We've been given a quote of £2000 to repair (have to dig through about 30 foot of concrete drive, hence why it's so expensive) and just haven't got that money right now so looks like we're going to have to DIY it. 
All set to rent the kango hammer and get out my Doc Martens but... in the last week I've been told my two separate sources that, houses built 1936 and before are covered and not our responsibility to pay for repair.  I have looked and looked but haven't been able to find anything that confirms this but, assume it must be related to Public Health Act 1936?  Our house was built 1936 so would come under this.

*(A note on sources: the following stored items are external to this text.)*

(* Let $q(\mathbf{x}_0)$ be a probability density on $\mathbb{R}^d$ with finite second moments, let $\overline{\alpha}_n\in(0,1)$, $\overline{\beta}_n=1-\overline{\alpha}_n$, and let $q(\mathbf{x}_n|\mathbf{x}_0)=\mathcal{N}(\mathbf{x}_n|\sqrt{\overline{\alpha}_n}\mathbf{x}_0,\overline{\beta}_n\mathbf{I})$, with $q_n$ the marginal density of $\mathbf{x}_n$. Then $$\mathbb{E}_{q_n(\mathbf{x}_n)}\mathrm{Cov}_{q(\mathbf{x}_0|\mathbf{x}_n)}[\mathbf{x}_0]=\frac{\overline{\beta}_n}{\overline{\alpha}_n}\Big(\mathbf{I}-\overline{\beta}_n\,\mathbb{E}_{q_n(\mathbf{x}_n)}\big[\nabla_{\mathbf{x}_n}\log q_n(\mathbf{x}_n)\nabla_{\mathbf{x}_n}\log q_n(\mathbf{x}_n)^\top\big]\Big),$$ and $$\mathrm{Cov}_{q(\mathbf{x}_0)}[\mathbf{x}_0]=\mathbb{E}_{q_n(\mathbf{x}_n)}\mathrm{Cov}_{q(\mathbf{x}_0|\mathbf{x}_n)}[\mathbf{x}_0]+\mathrm{Cov}_{q_n(\mathbf{x}_n)}\mathbb{E}_{q(\mathbf{x}_0|\mathbf{x}_n)}[\mathbf{x}_0].$$ *)

theory Defs
  imports "HOL-Analysis.Analysis"
begin

text \<open>Vectors in R^d are modelled as real^'n with d = CARD('n).
  All densities are with respect to Lebesgue measure lborel.\<close>

definition gauss_iso :: "real^'n \<Rightarrow> real^'n \<Rightarrow> real \<Rightarrow> real" where
  "gauss_iso x m s =
     (2 * pi * s) powr (- real CARD('n) / 2) * exp (- (norm (x - m))\<^sup>2 / (2 * s))"

definition fwd_kernel :: "real \<Rightarrow> real^'n \<Rightarrow> real^'n \<Rightarrow> real" where
  "fwd_kernel a xn x0 = gauss_iso xn (sqrt a *\<^sub>R x0) (1 - a)"

definition marg :: "(real^'n \<Rightarrow> real) \<Rightarrow> real \<Rightarrow> real^'n \<Rightarrow> real" where
  "marg q0 a xn = (\<integral>x0. q0 x0 * fwd_kernel a xn x0 \<partial>lborel)"

definition post :: "(real^'n \<Rightarrow> real) \<Rightarrow> real \<Rightarrow> real^'n \<Rightarrow> real^'n \<Rightarrow> real" where
  "post q0 a xn x0 = q0 x0 * fwd_kernel a xn x0 / marg q0 a xn"

definition dmean :: "(real^'n \<Rightarrow> real) \<Rightarrow> real^'n" where
  "dmean p = (\<integral>x. p x *\<^sub>R x \<partial>lborel)"

definition dcov :: "(real^'n \<Rightarrow> real) \<Rightarrow> 'n \<Rightarrow> 'n \<Rightarrow> real" where
  "dcov p i j = (\<integral>x. p x * ((x $ i - dmean p $ i) * (x $ j - dmean p $ j)) \<partial>lborel)"

definition dexp :: "(real^'n \<Rightarrow> real) \<Rightarrow> (real^'n \<Rightarrow> real) \<Rightarrow> real" where
  "dexp p f = (\<integral>x. p x * f x \<partial>lborel)"

definition dexpv :: "(real^'n \<Rightarrow> real) \<Rightarrow> (real^'n \<Rightarrow> real^'m) \<Rightarrow> real^'m" where
  "dexpv p f = (\<integral>x. p x *\<^sub>R f x \<partial>lborel)"

definition dcov_fun :: "(real^'n \<Rightarrow> real) \<Rightarrow> (real^'n \<Rightarrow> real^'m) \<Rightarrow> 'm \<Rightarrow> 'm \<Rightarrow> real" where
  "dcov_fun p f i j =
     (\<integral>x. p x * ((f x $ i - dexpv p f $ i) * (f x $ j - dexpv p f $ j)) \<partial>lborel)"

definition grad :: "(real^'n \<Rightarrow> real) \<Rightarrow> real^'n \<Rightarrow> real^'n" where
  "grad f x = (\<chi> i. frechet_derivative f (at x) (axis i 1))"

definition score :: "(real^'n \<Rightarrow> real) \<Rightarrow> real \<Rightarrow> real^'n \<Rightarrow> real^'n" where
  "score q0 a = grad (\<lambda>x. ln (marg q0 a x))"

definition prob_density_2 :: "(real^'n \<Rightarrow> real) \<Rightarrow> bool" where
  "prob_density_2 q0 \<longleftrightarrow>
     q0 \<in> borel_measurable lborel \<and> (\<forall>x. 0 \<le> q0 x) \<and>
     integrable lborel q0 \<and> (\<integral>x. q0 x \<partial>lborel) = 1 \<and>
     integrable lborel (\<lambda>x. q0 x * (norm x)\<^sup>2)"

end

theory Submission
  imports Defs "HOL-Probability.Probability"
begin

(* Write Z = q_n, M(y) = \<integral> q0(x) k(y,x) x dx and S(y) = \<integral> q0(x) k(y,x) x x^T dx for the
   Gaussian kernel k(y,x) = q(y|x), so that the posterior q(x|y) has mean M/Z and second moment
   S/Z.  Differentiating under the integral sign gives Tweedie's formula
   grad Z = (sqrt a M - y Z) / (1 - a), so the score is (sqrt a M/Z - y) / (1 - a).
   By Fubini and the first two moments of k(., x), every expectation over q_n is then an affine
   combination of the moments mu = E x and Q = E x x^T of q0 and of J = \<integral> M M^T / Z:
   the expected posterior covariance is Q - J, the expected outer product of the score is
   (a J - a Q + (1 - a) I) / (1 - a)^2, and the covariance of the posterior mean is J - mu mu^T,
   while Cov q0 = Q - mu mu^T.  Both identities follow by linear algebra. *)

section \<open>Moments of the Gaussian kernel\<close>

lemma gauss_iso_eq_prod_normal_density:
  fixes z m :: "real^'n"
  assumes s: "0 < s"
  shows "gauss_iso z m s = (\<Prod>b\<in>Basis. normal_density (m \<bullet> b) (sqrt s) (z \<bullet> b))"
proof -
  have norm_sq: "(norm (z - m))\<^sup>2 = (\<Sum>b\<in>Basis. (z \<bullet> b - m \<bullet> b)\<^sup>2)"
    unfolding power2_norm_eq_inner euclidean_inner[of "z-m" "z-m"]
    by (simp add: inner_diff_left power2_eq_square)
  have "(2 * pi * s) powr (- real CARD('n) / 2)
      = (\<Prod>b\<in>(Basis :: (real^'n) set). 1 / sqrt (2 * pi * s))"
  proof -
    have "(2 * pi * s) powr (- real CARD('n) / 2) = ((2 * pi * s) powr (-1/2)) ^ CARD('n)"
      using s by (simp add: powr_realpow[symmetric] powr_powr)
    also have "(2 * pi * s) powr (-1/2) = 1 / sqrt (2 * pi * s)"
      using s by (simp add: powr_minus_divide powr_half_sqrt)
    finally show ?thesis by simp
  qed
  moreover have "exp (- (norm (z - m))\<^sup>2 / (2 * s))
      = (\<Prod>b\<in>(Basis :: (real^'n) set). exp (- (z \<bullet> b - m \<bullet> b)\<^sup>2 / (2 * s)))"
    by (simp add: norm_sq exp_sum[symmetric] sum_divide_distrib[symmetric] sum_negf)
  moreover have "(\<Prod>b\<in>Basis. normal_density (m \<bullet> b) (sqrt s) (z \<bullet> b)) =
     (\<Prod>b\<in>(Basis :: (real^'n) set). 1 / sqrt (2 * pi * s)) *
     (\<Prod>b\<in>(Basis :: (real^'n) set). exp (- (z \<bullet> b - m \<bullet> b)\<^sup>2 / (2 * s)))"
    unfolding prod.distrib[symmetric] normal_density_def using s by simp
  ultimately show ?thesis
    by (simp add: gauss_iso_def)
qed

lemma lborel_integral_prod_Basis:
  fixes f :: "'a::euclidean_space \<Rightarrow> real \<Rightarrow> real"
  assumes int: "\<And>b. b \<in> Basis \<Longrightarrow> integrable lborel (f b)"
  shows "integrable lborel (\<lambda>x::'a. \<Prod>b\<in>Basis. f b (x \<bullet> b))"
    and "(\<integral>x. (\<Prod>b\<in>Basis. f b (x \<bullet> b)) \<partial>(lborel::'a measure))
         = (\<Prod>b\<in>Basis. integral\<^sup>L lborel (f b))"
proof -
  interpret P: product_sigma_finite "\<lambda>_::'a. lborel :: real measure"
    by standard
  have [measurable]: "\<And>b. b \<in> Basis \<Longrightarrow> f b \<in> borel_measurable borel"
    using borel_measurable_integrable[OF int] by simp
  have meas_prod: "(\<lambda>x::'a. \<Prod>b\<in>Basis. f b (x \<bullet> b)) \<in> borel_measurable borel"
    by measurable
  have meas_sum: "(\<lambda>g. \<Sum>b\<in>Basis. g b *\<^sub>R b)
      \<in> measurable (\<Pi>\<^sub>M b\<in>(Basis::'a set). (lborel::real measure)) borel"
    by measurable
  have coords: "\<And>g. (\<Prod>b\<in>Basis. f b ((\<Sum>c\<in>Basis. g c *\<^sub>R c) \<bullet> b))
      = (\<Prod>b\<in>(Basis::'a set). f b (g b))"
    by (intro prod.cong refl)
      (simp add: inner_sum_left inner_Basis if_distrib sum.delta cong: if_cong)
  have "integrable (\<Pi>\<^sub>M b\<in>(Basis::'a set). (lborel::real measure)) (\<lambda>g. \<Prod>b\<in>Basis. f b (g b))"
    by (rule P.product_integrable_prod) (auto intro: int)
  then show "integrable lborel (\<lambda>x::'a. \<Prod>b\<in>Basis. f b (x \<bullet> b))"
    by (subst lborel_eq[where 'a='a], subst integrable_distr_eq[OF meas_sum meas_prod])
      (simp add: coords)
  show "(\<integral>x. (\<Prod>b\<in>Basis. f b (x \<bullet> b)) \<partial>(lborel::'a measure))
      = (\<Prod>b\<in>Basis. integral\<^sup>L lborel (f b))"
    by (subst lborel_eq[where 'a='a], subst integral_distr[OF meas_sum meas_prod], simp add: coords)
      (rule P.product_integral_prod, auto intro: int)
qed
(* Let $(I,\le)$ be a totally ordered set with smallest element $0$, and let $\{G_i,\pi_{ij}\}$ be a direct system of finitely generated groups indexed by $I$ with surjective homomorphisms $\pi_{ij}:G_i\to G_j$ for all $j\ge i$ (with $\pi_{ii}=\mathrm{id}$ and $\pi_{jk}\circ\pi_{ij}=\pi_{ik}$). Let $G_\infty=\varinjlim G_i$, let $G=G_0$, let $\varphi_i=\pi_{0i}:G\to G_i$, let $\varphi:G\to G_\infty$ be the canonical (surjective) map, and for a subgroup $H\le G$ put $H_i=\varphi_i(H)$. Fix a prime $p$. Then for each normal subgroup $K\trianglelefteq G_\infty$ of $p$-power index there exists a normal subgroup $H'\trianglelefteq G$ of $p$-power index such that: (1) $K=\varinjlim H'_i$ (i.e. $K=\varphi(H')$ is the direct limit of the subgroups $H'_i$ under the restricted maps $\pi_{ij}$); (2) $[G_\infty:K]=\lim_{i\in I}[G_i:H'_i]$; (3) $d_p(K)=\lim_{i\in I}d_p(H'_i)$.
   Context: For a group $A$, $d(A)$ is the minimal number of generators and $d_p(A)=d\big(A/[A,A]A^p\big)$. Limits over $i\in I$ are taken along the total order of $I$. *)

theory Defs
  imports Complex_Main "HOL-Algebra.Algebra"
begin

definition fin_gen :: "('a, 'b) monoid_scheme \<Rightarrow> bool" where
  "fin_gen A \<longleftrightarrow> (\<exists>S. finite S \<and> S \<subseteq> carrier A \<and> generate A S = carrier A)"

definition gen_rank :: "('a, 'b) monoid_scheme \<Rightarrow> nat" where
  "gen_rank A = (LEAST n. \<exists>S. finite S \<and> S \<subseteq> carrier A \<and> card S = n \<and> generate A S = carrier A)"

definition comm_ppow :: "('a, 'b) monoid_scheme \<Rightarrow> nat \<Rightarrow> 'a set" where
  "comm_ppow A p = generate A (derived A (carrier A) \<union> {x [^]\<^bsub>A\<^esub> p | x. x \<in> carrier A})"

definition d_p :: "('a, 'b) monoid_scheme \<Rightarrow> nat \<Rightarrow> nat" where
  "d_p A p = gen_rank (A Mod (comm_ppow A p))"

definition p_power_index :: "('a, 'b) monoid_scheme \<Rightarrow> 'a set \<Rightarrow> nat \<Rightarrow> bool" where
  "p_power_index A H p \<longleftrightarrow> (\<exists>n. card (rcosets\<^bsub>A\<^esub> H) = p ^ n)"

Has anyone out there encountered this at all? If so, nudge me in the direction of where I can find out? I wouldn't ask here if I wasn't desperate but, anything to avoid getting my builder's bum out! 

C~x


----------



## Suzie (Jan 22, 2004)

Hiya

It all seems a little confusing 

From what I can see on the net if your house is pre 1936 public health act then it isnt your responsibility to pay for any work on the pipes - Dont quote me 

I would contact your local water company and say your house is pre 1936 and it is not your responsibility to pay for any work on the pipes and see what they say
x


----------



## Suzie (Jan 22, 2004)

this company might be able to help?

http://www.unitedutilities.com/?OBH=5365

/links


----------



## wouldloveababycat (Mar 21, 2004)

Also might be worth having a chat with your insurance company as if pipes have been damaged by tree roots etc your insurance will cover the cost of this under basic buildings insurance..

Cat x


----------



## Caz (Jul 21, 2002)

Cat, yeah, did that. They only cover accidental damage not wear and tear and, given the age of the property (70+ years) and the fact it's a steel pipe that's already been repaired once according to neighbour it's more than likely just rotted through.  The daft irony is, if I'd gone out there, dug around for some unspecified reason and damaged it in the process then that would be covered but, as it stands they say they would need me to get a surveyor round first, locate the actual damage, dig it up, get a report done to say what caused the damage and then they would think about paying cost of repair if, and only if accidental damage can be proven. If it turns out to be just wear and tear it's not covered. I could probably challenge that given the wording and ambigious punctuation on their policy document but then I'd basically be trying to hang them on a comma... yes that's been done before but really, it would cost me more and take me longer than just fixing it and taking the pain. We only have 21 days to get it repaired anyway or they start billing me or something. 

Thaks Suzie. I checked out the link which was helpful. Think we'll end up DIYing it though as DH came home with cones and pipe and all sorts today. I may be waterless next week by the looks of it! 


Thanks for your help. 

C~x


----------